Decolonize work (spaces) can be questioning the concept of work vs. not working, or to ask who is allowed to work as what due to which colonial continuities? How are capitalism and colonialism related?
You may notice – decolonize does not give answers to practical questions, but questions too short answers (a police chief only has to be black to make it work! No, because the police is a colonial continuity from enslavement to today’s mass incarceration).
The nice thing about decolonize is that the the more you allow it, the less it hurts. It has no goal, meaning you don’t run along a path, but try to perceive the world around you more realistically.

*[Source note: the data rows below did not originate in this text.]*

(* Every light confluent epimorphism between rooted trees is a composition of elementary light confluent epimorphisms.
   Context: A graph is a pair $(V,E)$ with $E\subseteq V^2$ reflexive and symmetric; a tree is a finite graph in which any two distinct vertices are joined by a unique sequence of pairwise distinct vertices with consecutive ones adjacent. A rooted tree is a tree with a distinguished root $r$; $x\le y$ iff the path from $r$ to $y$ contains $x$. Epimorphisms between rooted trees: vertex maps sending edges to edges, surjective on vertices and edges, root to root, order-preserving. Connected sets: not a union of two nonempty disjoint sets with no edges between; components are maximal connected subsets; for a vertex $v$, $G\setminus\{v\}$ denotes the induced subgraph on the remaining vertices. Confluent: for each connected $Q$ of the target, every component $K$ of $f^{-1}(Q)$ has $f(K)=Q$. Light: distinct vertices with the same image are never adjacent. An epimorphism $f\colon G\to H$ between rooted trees is elementary light confluent if there are a vertex $v\in G$ and two distinct components $C_1,C_2$ of $G\setminus\{v\}$ such that $f|_{C_1}$ and $f|_{C_2}$ are injective, $f(C_1)=f(C_2)$ is a component of $H\setminus\{f(v)\}$, and $f$ restricted to $G\setminus(C_1\cup C_2)$ is injective. *)

theory Defs
  imports Main
begin

type_synonym 'a rtree = "'a set \<times> ('a \<times> 'a) set \<times> 'a"

definition verts :: "'a rtree \<Rightarrow> 'a set" where "verts T = fst T"
definition edges :: "'a rtree \<Rightarrow> ('a \<times> 'a) set" where "edges T = fst (snd T)"
definition root :: "'a rtree \<Rightarrow> 'a" where "root T = snd (snd T)"

definition is_graph :: "'a set \<Rightarrow> ('a \<times> 'a) set \<Rightarrow> bool" where
  "is_graph V E \<longleftrightarrow> E \<subseteq> V \<times> V \<and> (\<forall>x\<in>V. (x, x) \<in> E) \<and> (\<forall>x y. (x, y) \<in> E \<longrightarrow> (y, x) \<in> E)"

definition is_path :: "('a \<times> 'a) set \<Rightarrow> 'a list \<Rightarrow> 'a \<Rightarrow> 'a \<Rightarrow> bool" where
  "is_path E p x y \<longleftrightarrow> p \<noteq> [] \<and> hd p = x \<and> last p = y \<and> distinct p \<and>
     (\<forall>i. Suc i < length p \<longrightarrow> (p ! i, p ! Suc i) \<in> E)"

definition is_tree :: "'a set \<Rightarrow> ('a \<times> 'a) set \<Rightarrow> bool" where
  "is_tree V E \<longleftrightarrow> finite V \<and> is_graph V E \<and>
     (\<forall>x\<in>V. \<forall>y\<in>V. x \<noteq> y \<longrightarrow> (\<exists>!p. is_path E p x y))"

definition rooted_tree :: "'a rtree \<Rightarrow> bool" where
  "rooted_tree T \<longleftrightarrow> is_tree (verts T) (edges T) \<and> root T \<in> verts T"

definition tree_le :: "'a rtree \<Rightarrow> 'a \<Rightarrow> 'a \<Rightarrow> bool" where
  "tree_le T x y \<longleftrightarrow> (\<exists>p. is_path (edges T) p (root T) y \<and> x \<in> set p)"

definition epimorphism :: "('a \<Rightarrow> 'b) \<Rightarrow> 'a rtree \<Rightarrow> 'b rtree \<Rightarrow> bool" where
  "epimorphism f G H \<longleftrightarrow> rooted_tree G \<and> rooted_tree H \<and>
     f ` verts G = verts H \<and>
     (\<lambda>(a, b). (f a, f b)) ` edges G = edges H \<and>
     f (root G) = root H \<and>
     (\<forall>x\<in>verts G. \<forall>y\<in>verts G. tree_le G x y \<longrightarrow> tree_le H (f x) (f y))"

definition connected_set :: "('a \<times> 'a) set \<Rightarrow> 'a set \<Rightarrow> bool" where
  "connected_set E S \<longleftrightarrow> \<not> (\<exists>A B. A \<noteq> {} \<and> B \<noteq> {} \<and> A \<inter> B = {} \<and> A \<union> B = S \<and>
       (\<forall>a\<in>A. \<forall>b\<in>B. (a, b) \<notin> E))"

definition component_of :: "('a \<times> 'a) set \<Rightarrow> 'a set \<Rightarrow> 'a set \<Rightarrow> bool" where
  "component_of E S K \<longleftrightarrow> K \<noteq> {} \<and> K \<subseteq> S \<and> connected_set E K \<and>
     (\<forall>L. K \<subseteq> L \<and> L \<subseteq> S \<and> connected_set E L \<longrightarrow> L = K)"

definition confluent :: "('a \<Rightarrow> 'b) \<Rightarrow> 'a rtree \<Rightarrow> 'b rtree \<Rightarrow> bool" where
  "confluent f G H \<longleftrightarrow> (\<forall>Q. Q \<subseteq> verts H \<and> connected_set (edges H) Q \<longrightarrow>
     (\<forall>K. component_of (edges G) (verts G \<inter> f -` Q) K \<longrightarrow> f ` K = Q))"

definition light :: "('a \<Rightarrow> 'b) \<Rightarrow> 'a rtree \<Rightarrow> bool" where
  "light f G \<longleftrightarrow> (\<forall>x\<in>verts G. \<forall>y\<in>verts G. x \<noteq> y \<and> f x = f y \<longrightarrow> (x, y) \<notin> edges G)"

You try to name the layers of the entanglements of violence due to colonialism. Your team may be diverse, they correspond to the number of minorities in society – but that doesn’t make it decolonial. Decolonize would ask: who makes money from it? Where is the money generated from, who does this knowledge come from? Who does this diversity serve the most? What about repairs based on salary structure? How are today’s colonial mechanisms included?
A company can never be decolonial, but it can throught thoughts like these question, readjust, and try to reduce its own part in colonial continuity, knowing that in a non-decolonized world there are always complex pitfalls that ask for readjustments.

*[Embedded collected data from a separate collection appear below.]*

section \<open>Commutation with C_{m,n}(N)\<close>

lemma prod_delta_eq:
  assumes "length a = m" "length c = m"
  shows "(\<Prod>p<m. if a ! p = c ! p then 1 else 0) = (if a = c then 1 else (0::'a::comm_semiring_1))"
  using assms by (auto simp: list_eq_iff_nth_eq intro!: prod.neutral prod_zero)

lemma pow_act_one:
  assumes "a \<in> multi_idx m N"
  shows "pow_act m N (\<lambda>x y. if x = y then 1 else 0) f a = f a"
  using assms by (simp add: pow_act_def prod_delta_eq length_multi_idx if_distrib[of "\<lambda>z. z * _"]
      sum.delta finite_multi_idx cong: if_cong)

lemma pow_act_has_field_derivative:
  assumes a: "a \<in> multi_idx m N"
    and G0: "\<And>x y. G 0 x y = (if x = y then 1 else 0)"
    and G': "\<And>x y. ((\<lambda>t. G t x y) has_field_derivative G' x y) (at 0)"
    and f': "\<And>c. ((\<lambda>t. f t c) has_field_derivative f' c) (at 0)"
  shows "((\<lambda>t. pow_act m N (G t) (f t) a) has_field_derivative
    (\<Sum>p<m. \<Sum>x<N. G' (a ! p) x * f 0 (a[p := x])) + f' a) (at 0)"
proof -
  define P' where "P' c = (\<Sum>p<m. G' (a ! p) (c ! p) * (\<Prod>r\<in>{..<m}-{p}. G 0 (a ! r) (c ! r)))" for c
  have "((\<lambda>t. pow_act m N (G t) (f t) a) has_field_derivative
      (\<Sum>c\<in>multi_idx m N. P' c * f 0 c + f' c * (\<Prod>p<m. G 0 (a ! p) (c ! p)))) (at 0)"
    unfolding pow_act_def P'_def
    by (intro DERIV_sum DERIV_mult has_field_derivative_prod G' f')
  moreover have "(\<Sum>c\<in>multi_idx m N. f' c * (\<Prod>p<m. G 0 (a ! p) (c ! p))) = f' a"
    using pow_act_one[OF a, of f'] by (simp add: pow_act_def G0 mult.commute)
  moreover have "(\<Sum>c\<in>multi_idx m N. P' c * f 0 c) = (\<Sum>p<m. \<Sum>x<N. G' (a ! p) x * f 0 (a[p := x]))"
  proof -
    have "(\<Prod>r\<in>{..<m}-{p}. G 0 (a ! r) (c ! r)) = (if \<forall>r\<in>{..<m}-{p}. a ! r = c ! r then 1 else 0)" for c p
      by (auto simp: G0 prod_zero_iff intro!: prod.neutral)
    then have "(\<Sum>c\<in>multi_idx m N. P' c * f 0 c)
        = (\<Sum>p<m. \<Sum>c\<in>multi_idx m N. if \<forall>r\<in>{..<m}-{p}. a ! r = c ! r then G' (a ! p) (c ! p) * f 0 c else 0)"
      unfolding P'_def sum_distrib_right by (subst sum.swap) (simp add: if_distrib[of "\<lambda>z. _ * z * _"] cong: if_cong)
    also have "\<dots> = (\<Sum>p<m. \<Sum>x<N. G' (a ! p) x * f 0 (a[p := x]))"
      using a by (intro sum.cong refl) (simp add: sum_multi_idx_agree_off length_multi_idx)
    finally show ?thesis .
  qed
  ultimately show ?thesis
    by (simp add: sum.distrib)
qed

Decolonize art can look very different in the actions from decolonizing schools: it is not about the attitude practices of it, it is about the thinking movement, which is why Prof. Dr. Auma called a class decolonize MOVES . Thought movements that initially sound like an awful lot of change, become a habit and learning to celebrate life in change as thought training towards decolonizing everything.

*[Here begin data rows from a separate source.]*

lemma (in finite_dimensional_vector_space) independent_Un_imp_span_Int_zero:
  assumes ind: "independent (B0 \<union> B1)" and disj: "B0 \<inter> B1 = {}"
  shows "span B0 \<inter> span B1 \<subseteq> {0}"
proof -
  have ind01: "independent B0" "independent B1" "finite B0" "finite B1"
    using ind independent_mono finiteI_independent by blast+
  have "dim (span (B0 \<union> B1)) + dim (span B0 \<inter> span B1) = dim (span B0) + dim (span B1)"
    using dim_sums_Int[of "span B0" "span B1"] span_Un[of B0 B1] by simp
  then have "dim (span B0 \<inter> span B1) = 0"
    using ind ind01 disj by (simp add: dim_eq_card_independent card_Un_disjoint)
  then show ?thesis
    by simp
qed

lemma (in finite_dimensional_vector_space_pair_1) dim_image_add_dim_kernel:
  assumes f: "Vector_Spaces.linear s1 s2 f" and S: "vs1.subspace S"
  shows "vs2.dim (f ` S) + vs1.dim (S \<inter> {x. f x = 0}) = vs1.dim S"
proof -
  define K where "K = S \<inter> {x. f x = 0}"
  have K: "vs1.subspace K"
    unfolding K_def by (intro vs1.subspace_inter S linear_subspace_kernel[OF f])
  obtain B0 where B0: "B0 \<subseteq> K" "vs1.independent B0" "K \<subseteq> vs1.span B0" "card B0 = vs1.dim K"
    using vs1.basis_exists by blast
  obtain B where B: "B0 \<subseteq> B" "B \<subseteq> S" "vs1.independent B" "S \<subseteq> vs1.span B"
    using vs1.maximal_independent_subset_extend[OF _ B0(2), of S] B0(1) by (auto simp: K_def)
  define B1 where "B1 = B - B0"
  have B_split: "B = B0 \<union> B1" "B0 \<inter> B1 = {}" "finite B"
    using B(1,3) vs1.finiteI_independent by (auto simp: B1_def)
  have ind1: "vs1.independent B1"
    using B(3) vs1.independent_mono by (auto simp: B1_def)
  have span_B0: "vs1.span B0 = K"
    using B0 K vs1.span_subspace by blast
  have span_B1: "vs1.span B1 \<subseteq> S"
    using B(2) S vs1.span_minimal[of B1 S] by (auto simp: B1_def)
  have "inj_on f (vs1.span B1)"
    unfolding linear_inj_on_iff_eq_0[OF f vs1.subspace_span]
    using vs1.independent_Un_imp_span_Int_zero[of B0 B1] B(3) B_split span_B0 span_B1
    by (auto simp: K_def)
  moreover have "f ` S = f ` vs1.span B1"
  proof
    show "f ` S \<subseteq> f ` vs1.span B1"
    proof
      fix z assume "z \<in> f ` S"
      then obtain s where "z = f s" "s \<in> vs1.span (B0 \<union> B1)"
        using B(4) B_split(1) by blast
      then obtain x y where "z = f (x + y)" "x \<in> K" "y \<in> vs1.span B1"
        unfolding vs1.span_Un span_B0 by blast
      then show "z \<in> f ` vs1.span B1"
        by (simp add: linear_add[OF f] K_def)
    qed
  qed (use span_B1 in blast)
  ultimately have "vs2.dim (f ` S) = card B1"
    using dim_image_eq[OF f] ind1 by (simp add: vs1.span_span vs1.dim_eq_card_independent)
  then show ?thesis
    using B_split B0(4) B(2,3,4) vs1.basis_card_eq_dim[of B S]
    by (simp add: K_def card_Un_disjoint)
qed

Diversity is more popular because it follows the western logic: problem, path, solution. There are also clearer rules about who is to be diversified where and when, as long as capitalism is our framework for action, this figure, this goal that can be achieved and fought for is also helpful. But Minneapolis and the precinct where the murderers of George Flyod were employed is the best example of why “diversifying police” is not enough! Blacks and First Nation people had risen to leadership roles here, there were many attempts at reform, but the consequence remains: a policeman with 17 reports of violent behavior murdered a Black man in full daylight in front of his colleagues. Only 3 weeks later the supreme Cort decided not to re-evaluate the immunity of the police. The certainty that even this time his violence will not have any consequences, which was reflected in his face. The country is trying to reform, diversify police stations, but something that has been created to restrict black people must become decolonialized. Defunding and abolishment are not the most extreme, but only the first goal in my decolonial thinking movement.
Our colonized ideas about the value of black lives can only be recalibrated if the damage is no longer exercised. I hope we then find that abolishing the police was the first of many steps, I see reparations there. I also see many question marks, as other suppression mechanisms that can lead to violence in communities can be reduced. Decolonizing means to imagine what seems unthinkable, which is why this week there was this wide range of tasks.
Decolonizing is to go into the deepest pain, to decolonize what already looks diverse and then to dream in the highest notes what seems unthinkable.
A muscle that I also have to train a lot still.